As a result of this, protocols can also be expanded or adjusted. Taylor et al. used video recordings to create specific time goals for key steps in trauma resuscitation to reduce the total amount of time spent in the trauma bay. Plan-Do-Study-Act cycles were used to define time goals in order to improve quality (13). Aydon et al. (14) assessed leadership and handover during the first hour after admission to the NICU, which resulted in implementation of extra guidelines for handover. Furthermore, video recordings have been used to evaluate the rate of compliance to the use of protective clothing and accessories to prevent exposure to blood or body fluids (2). Even differences between centers in various countries, with their own local guidelines, can be made visible by assessing video recordings (15).

Non-technical skills

Guidelines focus mainly on technical aspects of care. However, it is also important to include non-technical aspects for a good quality of care. Studies show non-technical aspects, like communication, leadership and teamwork, can be assessed well with video recordings (12, 1619). Williams et al. (20) used the Crew Resource Model from the aviation industry to study the relationship between teamwork behaviors and errors using video recordings. They observed that more vigilant teams committed fewer errors. Nadler et al. (21) used video recordings of neonatal resuscitations and scored them on teamwork, guideline adherence and temporal control of the resuscitation procedure.

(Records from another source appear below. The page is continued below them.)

(* Let $V$ be a real sequence with $\liminf_{n\to\infty}V_n>C>0$, fix a positive integer $m$, and let $\varphi^-$ be the subdominant solution of $(-\Delta+V)\varphi=0$. Then, with $K_A:=\sqrt{1+\left(\frac{2}{C(C+2)}\right)^2}+\frac{2}{C(C+2)}$: (a) $\left(\prod_{\ell=m}^n\frac{V_\ell+2}{K_A}\right)\varphi^-_n\in\ell^\infty$ (as a sequence in $n$); (b) if in addition $V_{n+1}-V_n\in\ell^1$, then $\left(\prod_{\ell=m}^n\frac{V_\ell+2+\sqrt{V_\ell(V_\ell+4)}}{2}\right)\varphi^-_n\in\ell^\infty$.
   Context: $(\Delta f)_n=f_{n+1}+f_{n-1}-2f_n$; $(-\Delta+V)\varphi=0$ means $-\varphi_{n+1}-\varphi_{n-1}+(2+V_n)\varphi_n=0$. The subdominant solution is a nonzero solution decreasing to $0$ at infinity (square-summable), unique up to a multiplicative constant. *)

theory Defs
  imports "HOL-Analysis.Analysis"
begin

text \<open>Solutions of (-Delta + V) phi = 0 on the half-line: the recurrence
  -phi(n+1) - phi(n-1) + (2 + V n) phi n = 0 for all n >= 1.\<close>
definition is_solution :: "(nat \<Rightarrow> real) \<Rightarrow> (nat \<Rightarrow> real) \<Rightarrow> bool" where
  "is_solution V \<phi> \<longleftrightarrow>
     (\<forall>n\<ge>1. - \<phi> (Suc n) - \<phi> (n - 1) + (2 + V n) * \<phi> n = 0)"

definition subdominant :: "(nat \<Rightarrow> real) \<Rightarrow> (nat \<Rightarrow> real) \<Rightarrow> bool" where
  "subdominant V \<phi> \<longleftrightarrow> is_solution V \<phi> \<and> (\<exists>n. \<phi> n \<noteq> 0) \<and> summable (\<lambda>n. (\<phi> n)\<^sup>2)"

end

theory Submission
  imports Defs
begin

text \<open>Eventually \<open>V > C > 0\<close>, so once \<open>|\<phi>|\<close> increases it keeps increasing; since a
  subdominant solution tends to 0, \<open>|\<phi>|\<close> eventually decreases, never vanishes, and the
  recurrence then yields the contraction \<open>(C + 1) |\<phi>(n+1)| \<le> |\<phi> n|\<close>. Part (a) follows from
  \<open>|(V(n+1) + 2) \<phi>(n+1)| = |\<phi>(n+2) + \<phi> n| \<le> (1 + (C + 1)\<^sup>-\<^sup>2) |\<phi> n| \<le> K |\<phi> n|\<close>.
  For (b), the ratios \<open>q n = \<phi>(n+1) / \<phi> n\<close> satisfy the Riccati equation
  \<open>q n (V(n+1) + 2 - q(n+1)) = 1\<close>, whose attracting fixed point is the recessive root \<open>\<mu>\<close> of
  \<open>x\<^sup>2 - (v + 2) x + 1\<close>. The errors \<open>|q n - \<mu>(V(n+1))|\<close> contract by the factor
  \<open>(C + 1)\<^sup>-\<^sup>2\<close> up to \<open>|\<mu>(V(n+2)) - \<mu>(V(n+1))| = O(|V(n+2) - V(n+1)|)\<close>, hence are summable,
  and the dominant root \<open>\<lambda> = 1 / \<mu>\<close> gives \<open>\<lambda>(V(n+1)) |q n| \<le> 1 + O(error)\<close>, whose
  product stays bounded.\<close>

lemma is_solution_Suc_Suc:
  assumes "is_solution V \<phi>"
  shows "\<phi> (Suc (Suc n)) = (2 + V (Suc n)) * \<phi> (Suc n) - \<phi> n"
  using assms unfolding is_solution_def by (elim allE[of _ "Suc n"]) simp

lemma is_solution_zero_if_consecutive_zeros:
  assumes sol: "is_solution V \<phi>" and "\<phi> n = 0" and "\<phi> (Suc n) = 0"
  shows "\<phi> k = 0"
proof -
  have forward: "\<phi> (n + i) = 0 \<and> \<phi> (Suc (n + i)) = 0" for i
    by (induction i) (use assms is_solution_Suc_Suc[OF sol, of "n + _"] in auto)
  have backward: "\<phi> (n - i) = 0 \<and> \<phi> (Suc (n - i)) = 0" if "i \<le> n" for i
    using that
  proof (induction i)
    case (Suc i)
    then have "\<phi> (Suc (n - Suc i)) = 0" "\<phi> (Suc (Suc (n - Suc i))) = 0"
      by (simp_all add: Suc_diff_Suc)
    with is_solution_Suc_Suc[OF sol, of "n - Suc i"] show ?case by simp
  qed (use assms in simp)
  show ?thesis
    using forward[of "k - n"] backward[of "n - k"] by (cases "k \<le> n") simp_all
qed

lemma is_solution_abs_increase_propagates:
  assumes sol: "is_solution V \<phi>" and "0 \<le> V (Suc n)"
    and incr: "\<bar>\<phi> n\<bar> < \<bar>\<phi> (Suc n)\<bar>"
  shows "\<bar>\<phi> (Suc n)\<bar> < \<bar>\<phi> (Suc (Suc n))\<bar>"
proof -
  have "2 * \<bar>\<phi> (Suc n)\<bar> \<le> (2 + V (Suc n)) * \<bar>\<phi> (Suc n)\<bar>"
    using assms(2) by (intro mult_right_mono) auto
  also have "\<dots> = \<bar>\<phi> (Suc (Suc n)) + \<phi> n\<bar>"
    using assms(2) by (simp add: is_solution_Suc_Suc[OF sol] abs_mult)
  also have "\<dots> \<le> \<bar>\<phi> (Suc (Suc n))\<bar> + \<bar>\<phi> n\<bar>"
    by (rule abs_triangle_ineq)
  finally show ?thesis using incr by linarith
qed

lemma is_solution_abs_decreasing:
  assumes sol: "is_solution V \<phi>" and lim: "\<phi> \<longlonglongrightarrow> 0"
    and V_nonneg: "\<And>k. k \<ge> N \<Longrightarrow> 0 \<le> V k" and "n \<ge> N"
  shows "\<bar>\<phi> (Suc n)\<bar> \<le> \<bar>\<phi> n\<bar>"
proof (rule ccontr)
  assume incr_at_n: "\<not> ?thesis"
  have increasing: "\<bar>\<phi> k\<bar> < \<bar>\<phi> (Suc k)\<bar>" if "k \<ge> n" for k
    using that
  proof (induction k rule: dec_induct)
    case (step k)
    then show ?case
      using is_solution_abs_increase_propagates[OF sol V_nonneg] \<open>n \<ge> N\<close> by simp
  qed (use incr_at_n in simp)
  have grows: "\<bar>\<phi> (Suc n)\<bar> \<le> \<bar>\<phi> k\<bar>" if "k \<ge> Suc n" for k
    using that
  proof (induction k rule: dec_induct)
    case (step k)
    then show ?case using increasing[of k] by simp
  qed simp
  have "\<bar>\<phi> (Suc n)\<bar> > 0"
    using incr_at_n by linarith
  moreover have "eventually (\<lambda>k. \<bar>\<phi> k\<bar> < \<bar>\<phi> (Suc n)\<bar>) sequentially"
    using lim calculation by (intro order_tendstoD(2)[where y = 0]) (auto simp: tendsto_rabs_zero_iff)
  ultimately show False
    using grows by (metis eventually_at_top_linorder linorder_not_le nle_le)
qed

lemma is_solution_abs_contracts:
  assumes sol: "is_solution V \<phi>" and "0 \<le> C" and "C \<le> V (Suc n)"
    and decr: "\<bar>\<phi> (Suc (Suc n))\<bar> \<le> \<bar>\<phi> (Suc n)\<bar>"
  shows "(C + 1) * \<bar>\<phi> (Suc n)\<bar> \<le> \<bar>\<phi> n\<bar>"
proof -
  have "(C + 1) * \<bar>\<phi> (Suc n)\<bar> + \<bar>\<phi> (Suc n)\<bar> \<le> (2 + V (Suc n)) * \<bar>\<phi> (Suc n)\<bar>"
    using assms(3) by (simp add: algebra_simps mult_right_mono)
  also have "\<dots> = \<bar>\<phi> n + \<phi> (Suc (Suc n))\<bar>"
    using assms(2,3) by (simp add: is_solution_Suc_Suc[OF sol] abs_mult)
  also have "\<dots> \<le> \<bar>\<phi> n\<bar> + \<bar>\<phi> (Suc (Suc n))\<bar>"
    by (rule abs_triangle_ineq)
  finally show ?thesis using decr by linarith
qed

text \<open>The roots \<open>\<lambda> \<ge> 1 \<ge> \<mu>\<close> of \<open>x\<^sup>2 - (v + 2) x + 1\<close>, the characteristic polynomial of the
  recurrence with constant potential \<open>v\<close>.\<close>
definition dominant_root :: "real \<Rightarrow> real" where
  "dominant_root v = (v + 2 + sqrt (v * (v + 4))) / 2"

definition recessive_root :: "real \<Rightarrow> real" where
  "recessive_root v = (v + 2 - sqrt (v * (v + 4))) / 2"

lemma dominant_root_add_recessive_root: "dominant_root v + recessive_root v = v + 2"
  by (simp add: dominant_root_def recessive_root_def field_simps)

lemma dominant_root_mult_recessive_root:
  assumes "0 \<le> v"
  shows "dominant_root v * recessive_root v = 1"
proof -
  have "sqrt (v * (v + 4)) * sqrt (v * (v + 4)) = v * (v + 4)"
    using assms by simp
  then have "(v + 2 + sqrt (v * (v + 4))) * (v + 2 - sqrt (v * (v + 4))) = 4"
    by (simp add: algebra_simps)
  then show ?thesis
    by (simp add: dominant_root_def recessive_root_def)
qed

lemma one_le_dominant_root: "0 \<le> v \<Longrightarrow> 1 \<le> dominant_root v"
  by (simp add: dominant_root_def)

lemma recessive_root_eq_inverse: "0 \<le> v \<Longrightarrow> recessive_root v = 1 / dominant_root v"
  using dominant_root_mult_recessive_root[of v] one_le_dominant_root[of v]
  by (simp add: eq_divide_eq mult.commute)

lemma recessive_root_pos: "0 \<le> v \<Longrightarrow> 0 < recessive_root v"
  using recessive_root_eq_inverse[of v] one_le_dominant_root[of v] by simp

lemma recessive_root_le_one: "0 \<le> v \<Longrightarrow> recessive_root v \<le> 1"
  using recessive_root_eq_inverse[of v] one_le_dominant_root[of v] by simp

lemma dominant_root_bounds:
  assumes "0 \<le> v"
  shows "v + 1 \<le> dominant_root v" and "dominant_root v \<le> v + 2"
  using dominant_root_add_recessive_root[of v] recessive_root_le_one[OF assms]
    recessive_root_pos[OF assms] by linarith+

lemma recessive_root_attracts:
  assumes "0 \<le> C" and "C \<le> v" and "\<bar>q'\<bar> \<le> 1" and riccati: "q * (v + 2 - q') = 1"
  shows "(C + 1)\<^sup>2 * \<bar>q - recessive_root v\<bar> \<le> \<bar>q' - recessive_root v\<bar>"
proof -
  define \<mu> where "\<mu> = recessive_root v"
  define l where "l = dominant_root v"
  define X where "X = v + 2 - q'"
  have "C + 1 \<le> X" "C + 1 \<le> l"
    using assms dominant_root_bounds(1)[of v] unfolding X_def l_def by auto
  then have bound: "(C + 1)\<^sup>2 \<le> X * l"
    using \<open>0 \<le> C\<close> unfolding power2_eq_square by (intro mult_mono) auto
  have "(q - \<mu>) * (X * l) = q' - \<mu>"
  proof -
    have "(q - \<mu>) * (X * l) = (q * X) * l - (\<mu> * l) * X"
      by (simp add: algebra_simps)
    also have "\<dots> = l - X"
      using riccati dominant_root_mult_recessive_root[of v] assms(1,2)
      unfolding X_def l_def \<mu>_def by (simp add: mult.commute)
    also have "\<dots> = q' - \<mu>"
      using dominant_root_add_recessive_root[of v] unfolding X_def l_def \<mu>_def by simp
    finally show ?thesis .
  qed
  moreover have "0 \<le> X * l"
    using bound by (rule order_trans[OF zero_le_power2])
  ultimately have "\<bar>q' - \<mu>\<bar> = (X * l) * \<bar>q - \<mu>\<bar>"
    by (metis abs_mult abs_of_nonneg mult.commute)
  moreover have "(C + 1)\<^sup>2 * \<bar>q - \<mu>\<bar> \<le> (X * l) * \<bar>q - \<mu>\<bar>"
    using bound by (intro mult_right_mono) auto
  ultimately show ?thesis
    unfolding \<mu>_def by simp
qed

Using recordings for video-reflection

Video recordings can also be used to allow caregivers to reflect on their practice and evaluate the care given. This so called video-reflection enables caregivers to see what actually happened during a procedure and compares this with their recollection of what happened. Videotaping care has the benefit that it allows for assessment at any hour, without intrusion of an observer (22). The camera is an impartial observer and can create a more detailed recollection of interventions than the caregivers themselves (17). This is confirmed by Schilleman et al. in a study showing that documentation of neonatal resuscitation in the medical file is often inaccurate and differs from what is seen in video recordings of the same resuscitation. Recordings can clarify documentation because they give an unbiased view (23). Next to that, recordings can be an addition to debriefs because it provides caregivers with more detailed feedback of their performance. Nadler et al. (21) showed that debriefs supported by recordings improved teamwork at subsequent resuscitations. Nevertheless, when caregivers know they are recorded, the Hawthorne effect may occur: behavior can be changed because they are aware they are being observed. However, this is usually a change for the better (17, 24).

Multiple studies have been carried out which try to improve quality of care by using recordings for video-reflection with the caregivers. Scherer et al. (25) showed that guideline compliance improved more when video recording was used to reflect on Advanced Trauma Life Support (ATLS) when compared to verbal feedback. Other aspects in trauma care, besides guideline compliance, that improve after video-reflection are resuscitation technique, adherence to assigned tasks and a decreased variability between caregivers (3, 24, 26, 27). It is particularly important for pediatric trauma centers to maintain their ATLS skills as they treat critically injured patients with a lower frequency than adult trauma centers (24). The long term effect of video review has also been studied. Raphael et al. (28) showed video-reflection increased the compliance rate to the time-out process before an intervention. This improvement remained for at least 2 years.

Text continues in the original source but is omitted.